The lines to copy are those in the records below that hold the word "unfolding".
==== Task input ====
lemma constant_if_pdv_zero:
  assumes "smooth g" and "\<And>k p. k < 5 \<Longrightarrow> pdv k g p = 0"
  shows "g = (\<lambda>_. g (0,0,0,0,0))"
proof -
  have "g = affine5 0 0 0 0 0 (g (0,0,0,0,0))"
    by (rule affine5_if_pdv_const) (simp_all add: assms)
  then show ?thesis
    by (simp add: fun_eq_iff affine5_def split_beta)
qed

definition proj3 :: "R5 \<Rightarrow> R3" where
  "proj3 = (\<lambda>(x,y,t,u,f). (x,y,t))"

definition emb3 :: "R3 \<Rightarrow> R5" where
  "emb3 = (\<lambda>(x,y,t). (x,y,t,0,0))"

definition pdv3 :: "nat \<Rightarrow> (R3 \<Rightarrow> real) \<Rightarrow> R3 \<Rightarrow> real" where
  "pdv3 k G = (\<lambda>z. frechet_derivative G (at z) (ev k))"

definition u_affine :: "real \<Rightarrow> (R3 \<Rightarrow> real) \<Rightarrow> R5 \<Rightarrow> real" where
  "u_affine c G = (\<lambda>(x,y,t,u,f). c * u + G (x,y,t))"

lemma u_affine_apply: "u_affine c G (x,y,t,u,f) = c * u + G (x,y,t)"
  by (simp add: u_affine_def)

lemma bounded_linear_proj3: "bounded_linear proj3"
  unfolding proj3_def case_prod_beta
  by (intro bounded_linear_Pair bounded_linear_fst bounded_linear_compose[OF bounded_linear_fst]
      bounded_linear_compose[OF bounded_linear_snd] bounded_linear_snd)

lemma bounded_linear_emb3: "bounded_linear emb3"
proof -
  have "linear emb3" by (rule linearI) (auto simp: emb3_def)
  then show ?thesis by (simp add: linear_conv_bounded_linear)
qed

lemma smooth_pdv3: "smooth G \<Longrightarrow> smooth (pdv3 k G)"
  unfolding pdv3_def by (rule smooth_frechet_derivative)

lemma pd_eq_pdv3: "smooth G \<Longrightarrow> pd k G = pdv3 k G"
  using smooth_has_real_derivative_line[of G _ "ev k" 0]
  by (auto simp: fun_eq_iff pd_def pdv3_def intro!: DERIV_imp_deriv)

lemma pdv3_commute: "smooth G \<Longrightarrow> pdv3 i (pdv3 j G) = pdv3 j (pdv3 i G)"
  unfolding pdv3_def by (rule ext) (rule frechet_derivative_commute)

lemma pdv3_commute_twice: "smooth F \<Longrightarrow> pdv3 i (pdv3 j (pdv3 j F)) = pdv3 j (pdv3 j (pdv3 i F))"
  using pdv3_commute[OF smooth_pdv3, of F j i j] pdv3_commute[of F i j] by simp

lemma pdv_u_affine:
  assumes G: "smooth G"
  shows "pdv k (u_affine c G) =
    (if k = 3 then (\<lambda>_. c) else if k < 3 then u_affine 0 (pdv3 k G) else (\<lambda>_. 0))"
proof (rule ext)
  fix p
  have "u_affine c G = (\<lambda>p. c * fst (snd (snd (snd p))) + G (proj3 p))"
    by (auto simp: fun_eq_iff u_affine_def proj3_def)
  moreover have "((\<lambda>p. c * fst (snd (snd (snd p))) + G (proj3 p)) has_derivative
      (\<lambda>v. c * fst (snd (snd (snd v))) + frechet_derivative G (at (proj3 p)) (proj3 v))) (at p)"
    by (intro has_derivative_add has_derivative_mult_right has_derivative_fst has_derivative_snd
        has_derivative_ident has_derivative_compose[OF bounded_linear_imp_has_derivative[OF bounded_linear_proj3]]
        smooth_has_derivative[OF G])
  ultimately have "pdv k (u_affine c G) p
      = c * fst (snd (snd (snd (basis5 k)))) + frechet_derivative G (at (proj3 p)) (proj3 (basis5 k))"
    unfolding pdv_def by (simp add: frechet_derivative_at[symmetric])
  moreover have "frechet_derivative G (at (proj3 p)) (0,0,0) = 0"
    using linear_0[OF linear_frechet_derivative_smooth[OF G]] by (simp add: zero_prod_def)
  ultimately show "pdv k (u_affine c G) p =
    (if k = 3 then (\<lambda>_. c) else if k < 3 then u_affine 0 (pdv3 k G) else (\<lambda>_. 0)) p"
    by (cases p) (auto simp: basis5_def proj3_def u_affine_def pdv3_def ev_def)
qed

lemma u_affine_if_pdv:
  assumes g: "smooth g" and f: "pdv 4 g = (\<lambda>_. 0)" and u: "\<And>k. k < 4 \<Longrightarrow> pdv k (pdv 3 g) = (\<lambda>_. 0)"
  shows "g = u_affine (pdv 3 g (0,0,0,0,0)) (\<lambda>z. g (emb3 z))"
proof (rule R5_ext)
  fix x y t u f
  have "pdv 4 (pdv 3 g) = (\<lambda>_. 0)"
    using pdv_commute[OF g, of 4 3] f by (simp add: pdv_const)
  then have "pdv k (pdv 3 g) p = 0" if "k < 5" for k p
    using u that by (cases "k = 4") auto
  then have "pdv 3 g = (\<lambda>_. pdv 3 g (0,0,0,0,0))"
    using constant_if_pdv_zero[OF smooth_pdv[OF g]] by blast
  then have "g ((x,y,t,0,0) + u *\<^sub>R basis5 3) = g (x,y,t,0,0) + pdv 3 g (0,0,0,0,0) * u"
    by (intro pdv_line[OF g]) metis
  moreover have "g ((x,y,t,u,0) + f *\<^sub>R basis5 4) = g (x,y,t,u,0) + 0 * f"
    using f by (intro pdv_line[OF g]) simp
  ultimately show "g (x,y,t,u,f) = u_affine (pdv 3 g (0,0,0,0,0)) (\<lambda>z. g (emb3 z)) (x,y,t,u,f)"
    by (simp add: basis5_def u_affine_def emb3_def)
qed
====
_Answer to this exercise_
  unfolding proj3_def case_prod_beta
  unfolding pdv3_def by (rule smooth_frechet_derivative)
  unfolding pdv3_def by (rule ext) (rule frechet_derivative_commute)
    unfolding pdv_def by (simp add: frechet_derivative_at[symmetric])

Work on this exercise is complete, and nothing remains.